WHAT IS BEING ASKED: Every line below that carries the word "ultimately" needs to be copied.
[SUPPLIED INFORMATION Boundary: Start]
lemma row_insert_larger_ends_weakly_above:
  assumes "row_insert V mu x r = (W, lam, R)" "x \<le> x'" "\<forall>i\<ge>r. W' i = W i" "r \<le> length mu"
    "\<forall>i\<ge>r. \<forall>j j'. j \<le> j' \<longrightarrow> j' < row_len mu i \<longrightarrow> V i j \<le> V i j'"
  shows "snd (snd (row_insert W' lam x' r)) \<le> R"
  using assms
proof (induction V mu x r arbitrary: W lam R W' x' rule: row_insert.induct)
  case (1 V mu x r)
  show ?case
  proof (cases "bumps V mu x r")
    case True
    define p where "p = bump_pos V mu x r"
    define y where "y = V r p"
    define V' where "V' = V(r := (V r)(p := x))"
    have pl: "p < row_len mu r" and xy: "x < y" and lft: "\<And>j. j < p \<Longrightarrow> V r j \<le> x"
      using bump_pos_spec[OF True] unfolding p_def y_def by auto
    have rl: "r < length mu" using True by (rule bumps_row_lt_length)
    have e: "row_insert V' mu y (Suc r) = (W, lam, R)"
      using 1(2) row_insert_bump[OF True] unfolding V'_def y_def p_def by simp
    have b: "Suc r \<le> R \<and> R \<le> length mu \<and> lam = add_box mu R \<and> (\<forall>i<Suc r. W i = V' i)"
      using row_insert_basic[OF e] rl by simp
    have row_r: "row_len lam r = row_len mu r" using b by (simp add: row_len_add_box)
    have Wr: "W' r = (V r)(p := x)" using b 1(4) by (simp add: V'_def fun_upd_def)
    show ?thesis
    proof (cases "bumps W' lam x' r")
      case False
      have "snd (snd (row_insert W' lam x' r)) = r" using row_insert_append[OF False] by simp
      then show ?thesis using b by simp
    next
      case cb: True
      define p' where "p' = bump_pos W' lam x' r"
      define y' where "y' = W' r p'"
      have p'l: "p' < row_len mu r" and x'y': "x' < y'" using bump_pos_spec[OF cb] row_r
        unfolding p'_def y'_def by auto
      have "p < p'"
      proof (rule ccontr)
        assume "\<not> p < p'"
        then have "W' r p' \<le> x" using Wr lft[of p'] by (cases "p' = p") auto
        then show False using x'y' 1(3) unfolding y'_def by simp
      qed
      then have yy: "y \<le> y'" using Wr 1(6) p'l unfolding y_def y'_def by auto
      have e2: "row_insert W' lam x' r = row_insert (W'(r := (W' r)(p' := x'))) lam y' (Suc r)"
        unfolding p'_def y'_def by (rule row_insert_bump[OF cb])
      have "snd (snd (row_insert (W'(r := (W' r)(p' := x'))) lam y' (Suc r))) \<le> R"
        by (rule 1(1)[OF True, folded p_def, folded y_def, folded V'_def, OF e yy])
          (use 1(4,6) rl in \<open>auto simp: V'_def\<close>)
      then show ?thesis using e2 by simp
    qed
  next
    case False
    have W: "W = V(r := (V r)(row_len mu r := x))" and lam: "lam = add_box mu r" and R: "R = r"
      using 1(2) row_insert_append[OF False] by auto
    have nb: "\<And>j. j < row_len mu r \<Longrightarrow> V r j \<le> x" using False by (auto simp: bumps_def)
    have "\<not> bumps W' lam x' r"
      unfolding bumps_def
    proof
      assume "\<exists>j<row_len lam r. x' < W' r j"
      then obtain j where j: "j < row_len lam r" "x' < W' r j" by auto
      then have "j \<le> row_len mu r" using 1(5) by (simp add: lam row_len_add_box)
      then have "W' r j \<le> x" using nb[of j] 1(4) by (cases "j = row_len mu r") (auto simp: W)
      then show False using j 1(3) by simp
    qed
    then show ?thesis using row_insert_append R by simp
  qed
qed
[SUPPLIED INFORMATION Boundary: End]
[SUPPLIED INFORMATION Boundary: Start]
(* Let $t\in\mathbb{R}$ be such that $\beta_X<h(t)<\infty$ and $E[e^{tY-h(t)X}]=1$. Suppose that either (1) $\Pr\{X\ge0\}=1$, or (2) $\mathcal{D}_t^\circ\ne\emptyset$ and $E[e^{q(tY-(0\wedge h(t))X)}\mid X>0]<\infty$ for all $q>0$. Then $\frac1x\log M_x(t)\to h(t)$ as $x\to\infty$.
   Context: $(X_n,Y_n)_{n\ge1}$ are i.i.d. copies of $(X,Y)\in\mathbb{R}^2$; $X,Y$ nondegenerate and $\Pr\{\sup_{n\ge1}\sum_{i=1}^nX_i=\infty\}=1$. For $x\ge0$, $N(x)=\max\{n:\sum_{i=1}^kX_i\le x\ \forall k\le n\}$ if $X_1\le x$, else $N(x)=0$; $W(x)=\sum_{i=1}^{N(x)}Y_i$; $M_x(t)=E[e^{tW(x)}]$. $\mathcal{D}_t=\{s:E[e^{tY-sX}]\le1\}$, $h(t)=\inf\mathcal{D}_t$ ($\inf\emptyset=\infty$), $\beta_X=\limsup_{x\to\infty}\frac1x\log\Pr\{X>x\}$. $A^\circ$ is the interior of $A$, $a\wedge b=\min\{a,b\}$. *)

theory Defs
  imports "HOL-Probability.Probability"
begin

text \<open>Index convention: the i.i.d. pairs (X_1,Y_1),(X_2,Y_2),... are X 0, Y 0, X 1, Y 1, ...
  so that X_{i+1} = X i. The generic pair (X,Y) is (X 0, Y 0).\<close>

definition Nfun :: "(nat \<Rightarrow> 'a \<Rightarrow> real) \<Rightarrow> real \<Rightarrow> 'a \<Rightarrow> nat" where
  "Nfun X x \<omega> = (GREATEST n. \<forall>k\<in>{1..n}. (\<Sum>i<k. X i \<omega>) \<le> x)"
[SUPPLIED INFORMATION Boundary: End]
[SUPPLIED INFORMATION Boundary: Start]
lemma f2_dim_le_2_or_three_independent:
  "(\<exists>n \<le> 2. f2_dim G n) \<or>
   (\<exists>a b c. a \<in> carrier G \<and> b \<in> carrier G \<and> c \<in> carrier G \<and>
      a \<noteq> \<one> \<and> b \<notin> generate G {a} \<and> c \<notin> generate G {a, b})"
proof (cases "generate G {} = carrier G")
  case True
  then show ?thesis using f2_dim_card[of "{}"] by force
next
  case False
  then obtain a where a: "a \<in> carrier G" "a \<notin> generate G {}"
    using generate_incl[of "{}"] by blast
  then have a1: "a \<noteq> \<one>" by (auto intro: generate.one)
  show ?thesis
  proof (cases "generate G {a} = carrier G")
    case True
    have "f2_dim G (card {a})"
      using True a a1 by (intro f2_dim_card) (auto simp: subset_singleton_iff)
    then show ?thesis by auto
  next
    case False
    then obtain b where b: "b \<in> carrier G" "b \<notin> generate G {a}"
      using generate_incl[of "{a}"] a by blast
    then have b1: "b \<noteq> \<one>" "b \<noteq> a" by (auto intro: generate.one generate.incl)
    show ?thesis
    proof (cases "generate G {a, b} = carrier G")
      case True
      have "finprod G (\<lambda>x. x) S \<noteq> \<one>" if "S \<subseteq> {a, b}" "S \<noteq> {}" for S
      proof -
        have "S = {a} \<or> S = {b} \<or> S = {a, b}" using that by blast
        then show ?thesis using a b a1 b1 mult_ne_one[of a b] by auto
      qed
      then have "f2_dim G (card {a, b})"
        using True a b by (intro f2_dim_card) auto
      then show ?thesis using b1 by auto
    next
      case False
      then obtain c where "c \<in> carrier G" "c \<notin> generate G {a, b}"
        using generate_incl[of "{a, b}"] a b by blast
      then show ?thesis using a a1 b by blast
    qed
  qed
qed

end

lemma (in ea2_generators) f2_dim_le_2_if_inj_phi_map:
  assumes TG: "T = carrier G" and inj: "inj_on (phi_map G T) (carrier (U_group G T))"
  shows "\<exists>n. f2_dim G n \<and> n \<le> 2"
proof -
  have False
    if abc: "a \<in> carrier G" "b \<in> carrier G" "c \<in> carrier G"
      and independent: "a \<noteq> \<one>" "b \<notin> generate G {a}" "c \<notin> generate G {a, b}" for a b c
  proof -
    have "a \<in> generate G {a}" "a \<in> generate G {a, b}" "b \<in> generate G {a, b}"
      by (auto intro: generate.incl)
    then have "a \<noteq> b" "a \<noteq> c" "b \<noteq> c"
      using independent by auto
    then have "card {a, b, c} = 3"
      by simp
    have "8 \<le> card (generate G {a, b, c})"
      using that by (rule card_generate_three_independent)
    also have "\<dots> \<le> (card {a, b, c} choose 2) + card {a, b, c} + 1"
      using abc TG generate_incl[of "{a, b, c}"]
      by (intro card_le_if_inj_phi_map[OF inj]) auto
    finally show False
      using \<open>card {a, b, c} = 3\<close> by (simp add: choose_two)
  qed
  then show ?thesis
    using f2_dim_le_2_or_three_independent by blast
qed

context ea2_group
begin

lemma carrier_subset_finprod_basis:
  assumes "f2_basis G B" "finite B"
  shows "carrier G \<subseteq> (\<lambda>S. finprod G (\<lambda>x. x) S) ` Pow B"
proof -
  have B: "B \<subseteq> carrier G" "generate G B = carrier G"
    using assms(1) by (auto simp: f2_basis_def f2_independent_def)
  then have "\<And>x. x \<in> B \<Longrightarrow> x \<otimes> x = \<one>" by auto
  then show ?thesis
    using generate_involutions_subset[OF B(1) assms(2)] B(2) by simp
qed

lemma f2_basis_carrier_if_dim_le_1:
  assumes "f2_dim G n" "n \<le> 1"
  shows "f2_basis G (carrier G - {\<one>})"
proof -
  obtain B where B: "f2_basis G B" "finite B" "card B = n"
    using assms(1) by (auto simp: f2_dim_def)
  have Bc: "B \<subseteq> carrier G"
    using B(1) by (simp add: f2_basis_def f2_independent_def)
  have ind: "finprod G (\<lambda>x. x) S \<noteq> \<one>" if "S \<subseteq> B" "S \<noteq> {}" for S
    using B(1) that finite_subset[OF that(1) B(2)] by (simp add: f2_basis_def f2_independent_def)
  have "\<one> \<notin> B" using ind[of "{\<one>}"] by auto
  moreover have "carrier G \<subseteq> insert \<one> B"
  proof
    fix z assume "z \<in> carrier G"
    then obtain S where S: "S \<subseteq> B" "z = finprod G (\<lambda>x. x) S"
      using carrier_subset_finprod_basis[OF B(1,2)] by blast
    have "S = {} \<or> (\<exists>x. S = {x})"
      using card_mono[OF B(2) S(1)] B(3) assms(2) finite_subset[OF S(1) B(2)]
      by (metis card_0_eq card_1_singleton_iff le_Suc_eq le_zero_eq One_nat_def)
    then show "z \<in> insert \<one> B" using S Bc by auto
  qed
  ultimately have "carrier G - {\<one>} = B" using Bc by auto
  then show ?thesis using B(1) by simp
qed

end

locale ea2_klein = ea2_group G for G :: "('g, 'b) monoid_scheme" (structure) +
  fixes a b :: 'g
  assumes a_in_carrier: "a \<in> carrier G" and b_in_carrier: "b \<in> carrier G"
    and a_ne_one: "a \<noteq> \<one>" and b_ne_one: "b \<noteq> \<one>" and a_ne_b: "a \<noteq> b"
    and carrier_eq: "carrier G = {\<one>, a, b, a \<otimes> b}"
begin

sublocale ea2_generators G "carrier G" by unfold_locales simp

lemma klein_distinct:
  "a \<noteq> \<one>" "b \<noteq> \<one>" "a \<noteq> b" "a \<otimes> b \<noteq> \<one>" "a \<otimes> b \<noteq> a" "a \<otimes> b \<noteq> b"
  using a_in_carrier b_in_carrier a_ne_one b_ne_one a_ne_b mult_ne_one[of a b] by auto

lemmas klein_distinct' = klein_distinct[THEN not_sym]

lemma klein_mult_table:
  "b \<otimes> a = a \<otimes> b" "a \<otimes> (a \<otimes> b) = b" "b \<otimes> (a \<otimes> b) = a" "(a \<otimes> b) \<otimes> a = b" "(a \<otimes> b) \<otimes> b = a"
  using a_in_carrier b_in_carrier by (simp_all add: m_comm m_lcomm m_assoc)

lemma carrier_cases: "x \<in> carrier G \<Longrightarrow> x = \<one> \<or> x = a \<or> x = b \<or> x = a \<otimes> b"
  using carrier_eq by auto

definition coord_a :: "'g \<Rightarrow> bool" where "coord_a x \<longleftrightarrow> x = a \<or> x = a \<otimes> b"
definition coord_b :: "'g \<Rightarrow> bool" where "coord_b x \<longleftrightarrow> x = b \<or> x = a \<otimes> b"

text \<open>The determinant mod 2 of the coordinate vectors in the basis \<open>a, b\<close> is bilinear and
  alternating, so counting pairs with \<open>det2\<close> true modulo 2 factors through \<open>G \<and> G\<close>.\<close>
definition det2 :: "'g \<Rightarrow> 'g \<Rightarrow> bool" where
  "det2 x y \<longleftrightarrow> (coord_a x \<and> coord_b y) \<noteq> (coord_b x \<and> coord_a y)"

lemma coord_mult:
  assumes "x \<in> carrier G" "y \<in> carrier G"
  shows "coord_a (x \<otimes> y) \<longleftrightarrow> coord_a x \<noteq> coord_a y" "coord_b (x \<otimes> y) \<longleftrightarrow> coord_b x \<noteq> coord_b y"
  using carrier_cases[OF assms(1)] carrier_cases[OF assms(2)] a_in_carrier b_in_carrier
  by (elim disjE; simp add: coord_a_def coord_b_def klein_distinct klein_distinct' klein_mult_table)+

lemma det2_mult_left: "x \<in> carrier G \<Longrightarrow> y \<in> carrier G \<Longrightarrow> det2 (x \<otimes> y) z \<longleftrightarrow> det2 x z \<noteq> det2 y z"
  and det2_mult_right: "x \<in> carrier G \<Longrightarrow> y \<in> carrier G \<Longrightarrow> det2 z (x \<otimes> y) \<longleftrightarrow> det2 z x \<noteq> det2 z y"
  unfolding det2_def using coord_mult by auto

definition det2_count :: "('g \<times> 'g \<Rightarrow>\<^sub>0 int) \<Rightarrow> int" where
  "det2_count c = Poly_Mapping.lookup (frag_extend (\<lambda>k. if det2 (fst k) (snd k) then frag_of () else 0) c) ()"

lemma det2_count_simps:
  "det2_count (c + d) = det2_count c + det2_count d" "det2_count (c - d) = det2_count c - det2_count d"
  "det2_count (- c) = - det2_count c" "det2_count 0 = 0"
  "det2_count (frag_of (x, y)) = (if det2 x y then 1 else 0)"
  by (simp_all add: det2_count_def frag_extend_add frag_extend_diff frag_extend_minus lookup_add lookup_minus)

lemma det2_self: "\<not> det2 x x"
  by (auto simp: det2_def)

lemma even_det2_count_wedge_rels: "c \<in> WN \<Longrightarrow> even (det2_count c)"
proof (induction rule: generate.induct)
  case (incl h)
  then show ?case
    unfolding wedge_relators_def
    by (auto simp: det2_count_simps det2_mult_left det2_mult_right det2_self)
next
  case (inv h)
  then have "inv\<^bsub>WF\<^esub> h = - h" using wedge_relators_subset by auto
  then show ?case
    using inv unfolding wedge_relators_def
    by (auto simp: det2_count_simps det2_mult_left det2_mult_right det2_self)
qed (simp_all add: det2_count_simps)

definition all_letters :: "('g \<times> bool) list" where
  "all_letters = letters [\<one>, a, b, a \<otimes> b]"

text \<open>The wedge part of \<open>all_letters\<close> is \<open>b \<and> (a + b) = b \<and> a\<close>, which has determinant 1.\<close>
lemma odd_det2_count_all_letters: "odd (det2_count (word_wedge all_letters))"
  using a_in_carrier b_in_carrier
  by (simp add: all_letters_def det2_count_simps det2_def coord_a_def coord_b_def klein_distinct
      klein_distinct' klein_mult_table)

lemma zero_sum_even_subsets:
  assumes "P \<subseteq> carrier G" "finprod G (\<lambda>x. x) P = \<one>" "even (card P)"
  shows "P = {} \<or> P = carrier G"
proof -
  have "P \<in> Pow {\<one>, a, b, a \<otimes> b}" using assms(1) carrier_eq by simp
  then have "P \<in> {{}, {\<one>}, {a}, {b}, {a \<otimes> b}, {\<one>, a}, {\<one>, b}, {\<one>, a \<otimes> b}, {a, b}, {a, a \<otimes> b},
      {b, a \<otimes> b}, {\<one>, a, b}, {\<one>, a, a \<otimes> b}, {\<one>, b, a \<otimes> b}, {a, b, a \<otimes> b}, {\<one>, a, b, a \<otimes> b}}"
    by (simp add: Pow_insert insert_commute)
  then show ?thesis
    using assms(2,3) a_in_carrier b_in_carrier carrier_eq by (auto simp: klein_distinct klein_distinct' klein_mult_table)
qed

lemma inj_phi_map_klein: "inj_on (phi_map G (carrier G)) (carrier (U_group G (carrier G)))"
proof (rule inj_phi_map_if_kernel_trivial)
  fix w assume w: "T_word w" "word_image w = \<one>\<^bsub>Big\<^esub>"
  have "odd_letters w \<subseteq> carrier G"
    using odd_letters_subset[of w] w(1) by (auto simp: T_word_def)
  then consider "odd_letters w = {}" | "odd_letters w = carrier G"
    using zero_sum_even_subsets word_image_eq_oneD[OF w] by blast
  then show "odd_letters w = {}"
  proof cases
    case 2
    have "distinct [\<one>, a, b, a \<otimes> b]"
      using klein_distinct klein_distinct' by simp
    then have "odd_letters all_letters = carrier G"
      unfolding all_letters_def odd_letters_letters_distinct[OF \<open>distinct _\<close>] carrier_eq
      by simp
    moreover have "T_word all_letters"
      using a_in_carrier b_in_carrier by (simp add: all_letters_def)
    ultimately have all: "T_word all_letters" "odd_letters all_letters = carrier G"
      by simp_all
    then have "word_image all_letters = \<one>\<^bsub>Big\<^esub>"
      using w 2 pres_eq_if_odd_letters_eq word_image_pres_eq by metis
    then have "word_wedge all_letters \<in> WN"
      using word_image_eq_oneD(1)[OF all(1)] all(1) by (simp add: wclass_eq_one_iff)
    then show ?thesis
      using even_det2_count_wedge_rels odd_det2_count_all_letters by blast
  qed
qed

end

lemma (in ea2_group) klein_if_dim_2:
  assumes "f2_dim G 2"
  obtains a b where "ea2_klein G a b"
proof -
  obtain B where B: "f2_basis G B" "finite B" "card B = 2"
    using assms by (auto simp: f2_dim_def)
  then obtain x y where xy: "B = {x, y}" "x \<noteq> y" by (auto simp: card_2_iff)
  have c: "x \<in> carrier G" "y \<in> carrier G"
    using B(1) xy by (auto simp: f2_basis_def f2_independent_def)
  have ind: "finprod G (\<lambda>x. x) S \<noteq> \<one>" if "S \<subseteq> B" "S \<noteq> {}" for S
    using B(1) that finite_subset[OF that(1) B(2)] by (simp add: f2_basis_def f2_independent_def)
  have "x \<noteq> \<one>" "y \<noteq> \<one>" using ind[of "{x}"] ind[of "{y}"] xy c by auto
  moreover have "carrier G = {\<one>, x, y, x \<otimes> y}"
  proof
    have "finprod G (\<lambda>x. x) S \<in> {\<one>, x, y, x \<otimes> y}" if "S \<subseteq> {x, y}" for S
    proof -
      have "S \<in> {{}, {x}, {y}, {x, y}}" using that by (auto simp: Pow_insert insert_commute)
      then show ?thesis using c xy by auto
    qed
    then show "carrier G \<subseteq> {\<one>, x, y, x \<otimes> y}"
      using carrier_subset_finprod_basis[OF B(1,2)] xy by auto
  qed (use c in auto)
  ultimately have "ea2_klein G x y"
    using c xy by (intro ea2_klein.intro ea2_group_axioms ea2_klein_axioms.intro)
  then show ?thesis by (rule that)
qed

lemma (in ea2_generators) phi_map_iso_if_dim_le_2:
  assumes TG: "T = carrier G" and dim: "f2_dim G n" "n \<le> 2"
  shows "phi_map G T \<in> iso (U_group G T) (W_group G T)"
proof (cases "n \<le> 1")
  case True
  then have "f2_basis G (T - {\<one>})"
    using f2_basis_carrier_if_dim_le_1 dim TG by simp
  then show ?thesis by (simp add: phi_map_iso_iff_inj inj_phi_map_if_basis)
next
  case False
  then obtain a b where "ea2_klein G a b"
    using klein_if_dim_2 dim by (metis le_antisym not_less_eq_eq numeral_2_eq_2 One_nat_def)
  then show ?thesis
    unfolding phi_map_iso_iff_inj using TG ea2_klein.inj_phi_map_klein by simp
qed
[SUPPLIED INFORMATION Boundary: End]
FINISHED TASK:
  ultimately have "carrier G - {\<one>} = B" using Bc by auto
    ultimately have all: "T_word all_letters" "odd_letters all_letters = carrier G"
  ultimately have "ea2_klein G x y"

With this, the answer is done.